When deciding which test your student should prep for, it’s important to understand the difference between the ACT vs. SAT. 

Every student is practically born to take one test or the other. While the SAT and ACT serve the same purpose, and are similar in many ways, they are not created equal.

Randomly picking one of them based on what “everyone else is doing” could be disastrous for your college applications.

Fortunately, it’s easy to figure out which test you should take, and once you do, you’ll have a much better chance of getting into the school(s) of your choice.

Differences Between the SAT & ACT

Both tests are mostly multiple choice, test your math, grammatical, and reading aptitude, and run around three hours.

College Board announced in 2020 that it would no longer offer SAT Subject Tests and also eliminated the essay portion (except for states where the essay is required for School Day test administrations).

 Considering over 1.2 million took the SAT essay in the class of 2020, getting rid of it was a big deal!

Those students who cheered this decision can still expect to find a rigorous writing and language section which assesses proofreading skills in the SAT.

Both exams (supposedly) test the material that you learn in middle school and high school. 

While the material on both tests is remarkably similar (the SAT tests more vocabulary, the ACT tests a bit more math and has a “science” section that has nothing to do with science), the styles of these tests are incredibly different.

The SAT is great for students who like to ponder questions deeply, take their time, look for root causes, solve puzzles, and use their logical reasoning.

It is more challenging for students who aren’t good at logical reasoning games, or who need more straightforward directions.

The ACT is great for students who are focused, can work for long stretches without a break, and who have their ABCs of math, grammar, and sentence composition down.

It is less great for students who get stressed or distracted easily, or who aren’t good under time pressure.

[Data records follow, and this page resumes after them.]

lemma ensures_round:
  assumes many: "M \<le> card (isolated n C)"
  shows "ensures n K3 S4 k C B True"
proof -
  have B: "B \<subseteq> Kn_edges n" "card (high_degree n d B) \<le> h"
    using inv card_high_degree unfolding invariant_def by auto
  have card_neighbours: "card (neighbours B y) \<le> d" if "deg B y \<le> d" for y
    using card_neighbours_le_deg[OF finite_position(2), of y] that by linarith
  obtain x1 x2 where x: "x1 \<noteq> x2" "reserve C P x1" "reserve C P x2" "deg B x1 \<le> d" "deg B x2 \<le> d"
    using obtain_reserve_pair[OF many] .
  define T where "T = {x1, x2} \<union> neighbours B x1 \<union> neighbours B x2"
  have T: "finite T" "card T \<le> 2 + d + d"
  proof -
    show "finite T" using finite_neighbours[OF B(1)] by (simp add: T_def)
    have "card T \<le> card {x1, x2} + card (neighbours B x1) + card (neighbours B x2)"
      unfolding T_def by (meson card_Un_le le_trans add_le_mono1)
    also have "\<dots> \<le> 2 + d + d"
      using card_neighbours x(4,5) by (intro add_mono) (auto simp: card_insert_if)
    finally show "card T \<le> 2 + d + d" .
  qed
  obtain u where u: "u \<in> isolated n C" "u \<notin> T" "deg B u \<le> d"
    by (rule obtain_isolated_low_degree[where n = n and d = d and B = B and C = C, OF T(1)])
      (use T(2) B(2) threshold many in auto)
  have T': "finite (insert u T \<union> neighbours B u)" "card (insert u T \<union> neighbours B u) \<le> 3 + 3 * d"
    using T u(2) card_Un_le[of "insert u T" "neighbours B u"] card_neighbours[OF u(3)]
      finite_neighbours[OF B(1)]
    by auto
  obtain v where v: "v \<in> isolated n C" "v \<notin> insert u T \<union> neighbours B u" "deg B v \<le> d"
    by (rule obtain_isolated_low_degree[where n = n and d = d and B = B and C = C, OF T'(1)])
      (use T'(2) B(2) threshold many in auto)
  have distinct: "u \<noteq> v" "x1 \<notin> {u, v}" "x2 \<notin> {u, v}"
    and free: "{u, v} \<notin> B" "{u, x1} \<notin> B" "{v, x1} \<notin> B" "{u, x2} \<notin> B" "{v, x2} \<notin> B"
    using u(2) v(2) by (auto simp: T_def neighbours_def insert_commute)
  have less_n: "u < n" "v < n" "x1 < n" using u v reserve_vertex(1)[OF x(2)] isolated_less by blast+
  have deg_C: "\<forall>t. deg C t \<le> 3" using inv unfolding invariant_def by simp
  have deg_uv: "\<forall>t. deg (insert {u, v} C) t \<le> 3"
    by (rule deg_insert_le_3) (use finite_position(1) deg_C u(1) v(1) deg_isolated in auto)
  have "{u, v} \<notin> C" using u(1) doubleton_notin_if_isolated by blast
  then have "legal n S4 C B {u, v}"
    using finite_position(1) less_n distinct free deg_uv by (intro legal_S4_doubleton) auto
  moreover have "legal n S4 (insert {u, v} C) B {u, x1}"
  proof (rule legal_S4_doubleton)
    have "deg (insert {u, v} C) u \<le> 2" "deg (insert {u, v} C) x1 \<le> 2"
      using deg_insert_le[OF finite_position(1), of "{u, v}" u] deg_isolated[OF u(1)]
        reserve_vertex(2)[OF x(2)] distinct(2) by (auto simp: deg_insert_notin)
    then show "\<forall>t. deg (insert {u, x1} (insert {u, v} C)) t \<le> 3"
      by (intro deg_insert_le_3[OF _ deg_uv]) (simp add: finite_position(1))
    show "{u, x1} \<notin> insert {u, v} C"
      using distinct doubleton_notin_if_isolated u(1) by (auto simp: doubleton_eq_iff)
  qed (use finite_position(1) less_n distinct free in auto)
  moreover have "ensures n K3 S4 k (insert {u, v} C) (insert b B) True"
    if "b \<in> Kn_edges n - insert {u, v} C - B" for b
    using that
    by (intro ensures_after_first_move[OF u(1) v(1) distinct(1) x(2,3,1) distinct(2,3) u(3) v(3) x(4,5)
          free(2-5) many]) auto
  ultimately show ?thesis by (rule ensures_cmove_bmove)
qed

end


lemma ensures_if_invariant: "invariant C B P \<Longrightarrow> ensures n K3 S4 k C B True"
proof (induction "card (isolated n C)" arbitrary: C B P rule: less_induct)
  case less
  show ?case
  proof (cases "card (isolated n C) < M")
    case True
    show ?thesis
      by (rule ensures_if_le_copies[OF is_graph_K3 le_copies_if_few_isolated[OF less.prems True]])
  next
    case False
    show ?thesis
    proof (rule ensures_round[OF less.prems])
      show "ensures n K3 S4 k C' B' True"
        if "invariant C' B' P'" "card (isolated n C') < card (isolated n C)" for C' B' P'
        using less.hyps that by blast
    qed (use False in simp)
  qed
qed

lemma le_g_K3_S4: "k \<le> g n K3 S4"
proof (rule le_g_if_ensures[OF is_graph_K3 ensures_if_invariant])
  have "isolated n {} = {..<n}" "\<And>v. deg {} v = 0"
    by (auto simp: isolated_def deg_def)
  then show "invariant {} {} {}" unfolding invariant_def by simp
qed

end

lemma n_le_3_g_K3_S4:
  assumes N: "0 < N"
  shows "n \<le> 3 * g n K3 S4 + 8 * N + 3 * (n div N) + 11"
proof -
  define d where "d = n div N"
  define h where "h = 4 * n div (d + 1)"
  define k where "k = (n - (2 * h + 3 * d + 11)) div 3"
  interpret triangle_strategy n d h "h + 3 * d + 10" k
  proof
    fix B assume "B \<subseteq> Kn_edges n" "card B \<le> 2 * n"
    then have "(d + 1) * card (high_degree n d B) \<le> 4 * n"
      using card_high_degree_le[of B n d] by linarith
    then show "card (high_degree n d B) \<le> h"
      unfolding h_def by (simp add: less_eq_div_iff_mult_less_eq mult.commute)
  qed (simp_all add: k_def)
  have "h * (d + 1) < 4 * N * (d + 1)"
  proof -
    have "h * (d + 1) \<le> 4 * n" unfolding h_def by (rule div_times_less_eq_dividend)
    also have "4 * n < 4 * N * (d + 1)"
      using dividend_less_times_div[OF N, of n] unfolding d_def by (simp add: algebra_simps)
    finally show ?thesis .
  qed
  then have "h < 4 * N" by (rule mult_less_cancel2[THEN iffD1, THEN conjunct2])
  moreover have "n \<le> 3 * k + 2 * h + 3 * d + 13" unfolding k_def by linarith
  ultimately show ?thesis using le_g_K3_S4 unfolding d_def by linarith
qed

theorem proposition3p5:
  shows "\<forall>\<epsilon>::real>0. \<forall>\<^sub>F n in sequentially.
           real (g n K3 S4) \<ge> (1 - \<epsilon>) * (real n / 3)"
proof (intro allI impI)
  fix \<epsilon> :: real assume \<epsilon>: "\<epsilon> > 0"
  define N :: nat where "N = nat \<lceil>6 / \<epsilon>\<rceil> + 1"
  have "6 / \<epsilon> \<le> real N"
    unfolding N_def using real_nat_ceiling_ge[of "6 / \<epsilon>"] by linarith
  then have N: "0 < N" "6 \<le> real N * \<epsilon>"
    using \<epsilon> by (auto simp: N_def pos_divide_le_eq)
  have "real (g n K3 S4) \<ge> (1 - \<epsilon>) * (real n / 3)" if n: "2 * (8 * real N + 11) \<le> \<epsilon> * real n" for n
  proof -
    have "real (n div N) \<le> real n / real N" by (rule of_nat_div_le_of_nat)
    also have "\<dots> \<le> \<epsilon> * real n / 6"
    proof -
      have "6 * real n \<le> (real N * \<epsilon>) * real n" using N(2) by (simp add: mult_right_mono)
      then show ?thesis using N(1) by (simp add: field_simps)
    qed
    finally have "real n \<le> 3 * real (g n K3 S4) + (8 * real N + 11) + \<epsilon> * real n / 2"
      using n_le_3_g_K3_S4[OF N(1), of n] by linarith
    with n show ?thesis by (simp add: field_simps)
  qed
  moreover obtain n0 :: nat where "2 * (8 * real N + 11) / \<epsilon> \<le> n0"
    using real_arch_simple by blast
  then have "2 * (8 * real N + 11) \<le> \<epsilon> * real n" if "n0 \<le> n" for n
    using \<epsilon> that by (simp add: field_simps) (meson mult_left_mono of_nat_le_iff order.trans less_imp_le)
  ultimately show "\<forall>\<^sub>F n in sequentially. real (g n K3 S4) \<ge> (1 - \<epsilon>) * (real n / 3)"
    unfolding eventually_sequentially by blast
qed

end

To make an analogy: The ACT is a sprint, and the SAT is a chess game. If the wrong type of person takes the wrong test, they will encounter lots of frustration. If they switch to the right test, they’ll see an enormous comparative improvement in their results.

Obviously, there’s more to it than this, but understanding this basic “feel” will let you understand the critical difference between these two tests (and the critical nature of making sure you take the right one).  

Which Standardized Test to Choose?

Understand something critically important: colleges DO NOT favor one test over the other.

The ACT and the SAT are taken equally as seriously, so the only thing that matters is which test gives your student a better score.

Fortunately, there’s an easy way to do this. If you already have PSAT and PLAN, or pre-existing SAT and ACT scores, just use the following “concordance table” to compare scores:

Whichever test gives you a better overall score is the one you should study for. If you only have one PSAT/SAT, or PLAN/ACT, or if you have nothing, here’s what you do:

  1. Get the official testing booklets for both tests. Get The Official College Board SAT Manual and The Official ACT Prep Guide. They contain real tests with real grading rubrics that you can take at home.
  2. Leaf through both tests to get a feel for the material, rules, formatting, etc. in each test. Make sure that you understand what to expect and what the rules are before you launch in.
  3. Set aside two 4-hour chunks in two consecutive weekends to take BOTH tests (or one, if you have the other test score already). You’ll want to take them under the same sleep, diet, and scheduling conditions to make sure it’s as “controlled” of an experiment as possible.
  4. Grade the test(s), then compare your scores using the concordance table. For now, leave out the science grade in the ACT and just average your math, English, and reading scores. It’s very easy to prep for, but weird at first, and it’ll affect your score unrealistically.
  5. Whichever test gives you the best score is the one you should study for. Plain and simple. It is very, very rare to see a student get the same level of score on both tests.
  6. If your scores ARE similar, go with the test you liked taking more. Maybe 1/30 students get similar scores on both tests. But they usually HATE one, and don’t mind the other. Stick with the one you don’t mind.

That’s all there is to it!

By using real tests, getting objective grades, and comparing them using the concordance table, you’ll know exactly which test to study for.

You’ll end up getting a better grade by putting in the same amount of effort, just because you’ll be taking the test that’s more geared toward your learning and neural style.

Well worth it!

How to Prep for the SAT/ACT

Once you figure out which test to take, it’s time to prep and plan your studying.

I usually recommend using an online, self-guided course and supplementing the course with one-on-one tutoring if you need some fine tuning. 

Before you do anything else, be sure to find the right test for you!

It’ll make the entire process much simpler, much easier, and much more successful!